- _Assignment_
From the listing below, return each line that includes "split".
═══ Supplied material ═══
definition rhoHH :: "'r::comm_ring_1 \<Rightarrow> int \<Rightarrow> nat \<Rightarrow> (int list \<Rightarrow> int \<Rightarrow> 'r) set \<Rightarrow> (int list \<Rightarrow> 'r) set" where
  "rhoHH u k q = induced (hclass (1 - int q)) (cap (a_rep u k) q)"

definition BHH :: "int \<Rightarrow> (int list \<Rightarrow> 'r::comm_ring_1) set \<Rightarrow> (int list \<Rightarrow> 'r) set" where
  "BHH n = induced (hclass (n + 1)) (connesB n)"

definition DeltaHH :: "'r::comm_ring_1 \<Rightarrow> int \<Rightarrow> nat \<Rightarrow> (int list \<Rightarrow> int \<Rightarrow> 'r) set \<Rightarrow> (int list \<Rightarrow> int \<Rightarrow> 'r) set" where
  "DeltaHH u k q X = the_inv_into (HHco (q - 1)) (rhoHH u k (q - 1)) (BHH (1 - int q) (rhoHH u k q X))"

definition cupHH :: "nat \<Rightarrow> nat \<Rightarrow> (int list \<Rightarrow> int \<Rightarrow> 'r::comm_ring_1) set \<Rightarrow> (int list \<Rightarrow> int \<Rightarrow> 'r) set
    \<Rightarrow> (int list \<Rightarrow> int \<Rightarrow> 'r) set" where
  "cupHH p q X Y = coclass (p + q) (cup p q (SOME f. f \<in> X) (SOME g. g \<in> Y))"

definition addHH :: "nat \<Rightarrow> (int list \<Rightarrow> int \<Rightarrow> 'r::comm_ring_1) set \<Rightarrow> (int list \<Rightarrow> int \<Rightarrow> 'r) set
    \<Rightarrow> (int list \<Rightarrow> int \<Rightarrow> 'r) set" where
  "addHH q X Y = coclass q (\<lambda>as i. (SOME f. f \<in> X) as i + (SOME g. g \<in> Y) as i)"

definition smultHH :: "nat \<Rightarrow> 'r::comm_ring_1 \<Rightarrow> (int list \<Rightarrow> int \<Rightarrow> 'r) set \<Rightarrow> (int list \<Rightarrow> int \<Rightarrow> 'r) set" where
  "smultHH q r X = coclass q (\<lambda>as i. r * (SOME f. f \<in> X) as i)"

definition cochain0 :: "(int \<Rightarrow> 'r::comm_ring_1) \<Rightarrow> int list \<Rightarrow> int \<Rightarrow> 'r" where
  "cochain0 p = (\<lambda>as. if as = [] then p else (\<lambda>i. 0))"

definition yder :: "int list \<Rightarrow> int \<Rightarrow> 'r::comm_ring_1" where
  "yder = (\<lambda>as. if length as = 1 \<and> hd as \<noteq> 0
               then (\<lambda>i. if i = hd as - 1 then - of_int (hd as) else 0) else (\<lambda>i. 0))"

end

theory Submission
  imports Defs
begin

text \<open>
  Cohomology: every normalized q-cocycle with q \<ge> 2 is an explicit coboundary, obtained by
  telescoping the cocycle identity in the last argument; a 1-cocycle is determined by its value
  on t through the cocycle identity, so HH^1 = A y, and HH^0 = A.

  Homology: HH_0 = A, and modulo boundaries the 1-chain t^x \<otimes> t^a equals x (t \<otimes> t^(x+a-1)),
  while the coefficient of t^m dt in the Hochschild-Kostant-Rosenberg image a da_1 kills
  boundaries; hence HH_1 = A (t \<otimes> -). Capping with a = -t \<otimes> u t^k is multiplication by the
  unit -u followed by a shift by k in these coordinates, so rho_a is bijective.

  Connes' B maps t^a \<otimes> t^c to [t^c, t^a, 1] - [t^a, t^c, 1], a boundary, and maps
  t^(k+i) to t^(k+i) \<otimes> 1, which is homologous to (k+i) t \<otimes> t^(k+i-1) = rho_a((k+i) t^(i-1));
  this gives Delta_a. Finally y \<union> y is the coboundary of t^a \<mapsto> -binom(a,2) t^(a-2).
\<close>

definition normal_word :: "int list \<Rightarrow> bool" where
  "normal_word w = (\<forall>i < length w - 1. w ! i \<noteq> 0)"

lemma bas_apply: "bas w v = (if normal_word w \<and> v = w then 1 else 0)"
  by (simp add: bas_def normal_word_def)

lemma normal_word_1: "normal_word [a]"
  by (simp add: normal_word_def)

lemma normal_word_2: "normal_word [x, a] \<longleftrightarrow> x \<noteq> 0"
  by (auto simp: normal_word_def)

lemma normal_word_3: "normal_word [x, y, a] \<longleftrightarrow> x \<noteq> 0 \<and> y \<noteq> 0"
  by (auto simp: normal_word_def less_Suc_eq numeral_2_eq_2)

lemma normal_word_4: "normal_word [x, y, z, a] \<longleftrightarrow> x \<noteq> 0 \<and> y \<noteq> 0 \<and> z \<noteq> 0"
  by (auto simp: normal_word_def less_Suc_eq numeral_3_eq_3)

lemma linext_eq_sum_superset:
  assumes "finite S" "{w. c w \<noteq> 0} \<subseteq> S"
  shows "linext g c v = (\<Sum>w\<in>S. c w * g w v)"
  unfolding linext_def
  by (rule sum.mono_neutral_left) (use assms in auto)

lemma linext_bas: "linext g (bas w) = (if normal_word w then g w else (\<lambda>x. 0))"
proof
  fix x
  have "linext g (bas w) x = (\<Sum>v\<in>{w}. bas w v * g v x)"
    by (rule linext_eq_sum_superset) (auto simp: bas_apply split: if_splits)
  then show "linext g (bas w) x = (if normal_word w then g w else (\<lambda>x. 0)) x"
    by (simp add: bas_apply)
qed

lemma linext_sum_bas:
  fixes c :: "'a \<Rightarrow> 'r::comm_ring_1"
  assumes J: "finite J"
  shows "linext g (\<lambda>v. \<Sum>j\<in>J. c j * bas (W j) v) x =
         (\<Sum>j\<in>J. c j * (if normal_word (W j) then g (W j) x else 0))"
proof -
  let ?c = "\<lambda>v. \<Sum>j\<in>J. c j * bas (W j) v"
  have sub: "{w. ?c w \<noteq> 0} \<subseteq> W ` J"
  proof
    fix w assume "w \<in> {w. ?c w \<noteq> 0}"
    then obtain j where "j \<in> J" "c j * bas (W j) w \<noteq> 0"
      by (metis (mono_tags, lifting) mem_Collect_eq sum.neutral)
    then show "w \<in> W ` J" by (auto simp: bas_apply split: if_splits)
  qed
  have "linext g ?c x = (\<Sum>w\<in>W ` J. ?c w * g w x)"
    by (rule linext_eq_sum_superset) (use J sub in auto)
  also have "\<dots> = (\<Sum>w\<in>W ` J. \<Sum>j\<in>{j\<in>J. W j = w}. c j * (if normal_word (W j) then g (W j) x else 0))"
  proof (rule sum.cong[OF refl])
    fix w
    have "?c w * g w x = (\<Sum>j\<in>J. c j * bas (W j) w * g w x)"
      by (simp add: sum_distrib_right)
    also have "\<dots> = (\<Sum>j\<in>{j\<in>J. W j = w}. c j * bas (W j) w * g w x)"
      by (rule sum.mono_neutral_right) (use J in \<open>auto simp: bas_apply\<close>)
    also have "\<dots> = (\<Sum>j\<in>{j\<in>J. W j = w}. c j * (if normal_word (W j) then g (W j) x else 0))"
      by (rule sum.cong) (auto simp: bas_apply)
    finally show "?c w * g w x = \<dots>" .
  qed
  also have "\<dots> = (\<Sum>j\<in>J. c j * (if normal_word (W j) then g (W j) x else 0))"
    by (rule sum.image_gen[symmetric]) (rule J)
  finally show ?thesis .
qed

lemma linext_zero: "linext g (\<lambda>v. 0) = (\<lambda>x. 0)"
  by (simp add: linext_def)

lemma linext_add:
  assumes "finite {w. c1 w \<noteq> 0}" "finite {w. c2 w \<noteq> 0}"
  shows "linext g (\<lambda>v. c1 v + c2 v) x = linext g c1 x + linext g c2 x"
proof -
  let ?S = "{w. c1 w \<noteq> 0} \<union> {w. c2 w \<noteq> 0}"
  have f: "finite ?S" using assms by simp
  have "linext g (\<lambda>v. c1 v + c2 v) x = (\<Sum>w\<in>?S. (c1 w + c2 w) * g w x)"
    by (rule linext_eq_sum_superset) (use f in auto)
  also have "\<dots> = (\<Sum>w\<in>?S. c1 w * g w x) + (\<Sum>w\<in>?S. c2 w * g w x)"
    by (simp add: sum.distrib algebra_simps)
  also have "\<dots> = linext g c1 x + linext g c2 x"
    by (subst (1 2) linext_eq_sum_superset[of ?S]) (use f in auto)
  finally show ?thesis .
qed

lemma linext_scale:
  assumes "finite {w. c w \<noteq> 0}"
  shows "linext g (\<lambda>v. r * c v) x = r * linext g c x"
proof -
  have "linext g (\<lambda>v. r * c v) x = (\<Sum>w\<in>{w. c w \<noteq> 0}. (r * c w) * g w x)"
    by (rule linext_eq_sum_superset) (use assms in auto)
  also have "\<dots> = r * linext g c x"
    by (simp add: linext_def sum_distrib_left mult.assoc)
  finally show ?thesis .
qed

lemma linext_diff:
  assumes "finite {w. c1 w \<noteq> 0}" "finite {w. c2 w \<noteq> 0}"
  shows "linext g (\<lambda>v. c1 v - c2 v) x = linext g c1 x - linext g c2 x"
  using linext_add[OF assms(1), of "\<lambda>v. (-1) * c2 v" g x] linext_scale[OF assms(2), of g "-1" x]
    assms(2) by simp

lemma linext_linext:
  assumes e: "finite {w. e w \<noteq> 0}" and h: "\<And>w. e w \<noteq> 0 \<Longrightarrow> finite {v. h w v \<noteq> 0}"
  shows "linext g (linext h e) x = linext (\<lambda>w. linext g (h w)) e x"
proof -
  let ?S = "{w. e w \<noteq> 0}"
  let ?T = "\<Union>w\<in>?S. {v. h w v \<noteq> 0}"
  have fT: "finite ?T" using e h by auto
  have sub: "{v. linext h e v \<noteq> 0} \<subseteq> ?T"
  proof
    fix v assume "v \<in> {v. linext h e v \<noteq> 0}"
    then obtain w where "w \<in> ?S" "e w * h w v \<noteq> 0" unfolding linext_def
      by (metis (mono_tags, lifting) mem_Collect_eq sum.neutral)
    then show "v \<in> ?T" by auto
  qed
  have "linext g (linext h e) x = (\<Sum>v\<in>?T. linext h e v * g v x)"
    by (rule linext_eq_sum_superset[OF fT sub])
  also have "\<dots> = (\<Sum>v\<in>?T. \<Sum>w\<in>?S. e w * h w v * g v x)"
    by (simp add: linext_def sum_distrib_right)
  also have "\<dots> = (\<Sum>w\<in>?S. e w * (\<Sum>v\<in>?T. h w v * g v x))"
    by (subst sum.swap) (simp add: sum_distrib_left mult.assoc)
  also have "\<dots> = (\<Sum>w\<in>?S. e w * linext g (h w) x)"
  proof (rule sum.cong[OF refl])
    fix w assume w: "w \<in> ?S"
    have "linext g (h w) x = (\<Sum>v\<in>?T. h w v * g v x)"
      by (rule linext_eq_sum_superset[OF fT]) (use w in auto)
    then show "e w * (\<Sum>v\<in>?T. h w v * g v x) = e w * linext g (h w) x" by simp
  qed
  also have "\<dots> = linext (\<lambda>w. linext g (h w)) e x" by (simp add: linext_def)
  finally show ?thesis .
qed

lemma sum_mult_indicator:
  "finite S \<Longrightarrow> (\<Sum>i\<in>S. g i * (if i = i0 then 1 else 0)) = (if i0 \<in> S then g i0 else (0::'r::comm_ring_1))"
  by (simp add: if_distrib[of "(*) _"] sum.delta cong: if_cong)

lemma list_length_2: "length w = 2 \<Longrightarrow> w = [w ! 0, w ! 1]"
  by (cases w rule: list.exhaust; cases "tl w") (auto simp: numeral_2_eq_2)

lemma list_length_2_hd_1: "length v = 2 \<Longrightarrow> hd v = 1 \<Longrightarrow> v = [1, v ! 1]"
  by (cases v rule: list.exhaust; cases "tl v") (auto simp: numeral_2_eq_2)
═══
- _Response box_
    by (rule linext_eq_sum_superset) (auto simp: bas_apply split: if_splits)
    then show "w \<in> W ` J" by (auto simp: bas_apply split: if_splits)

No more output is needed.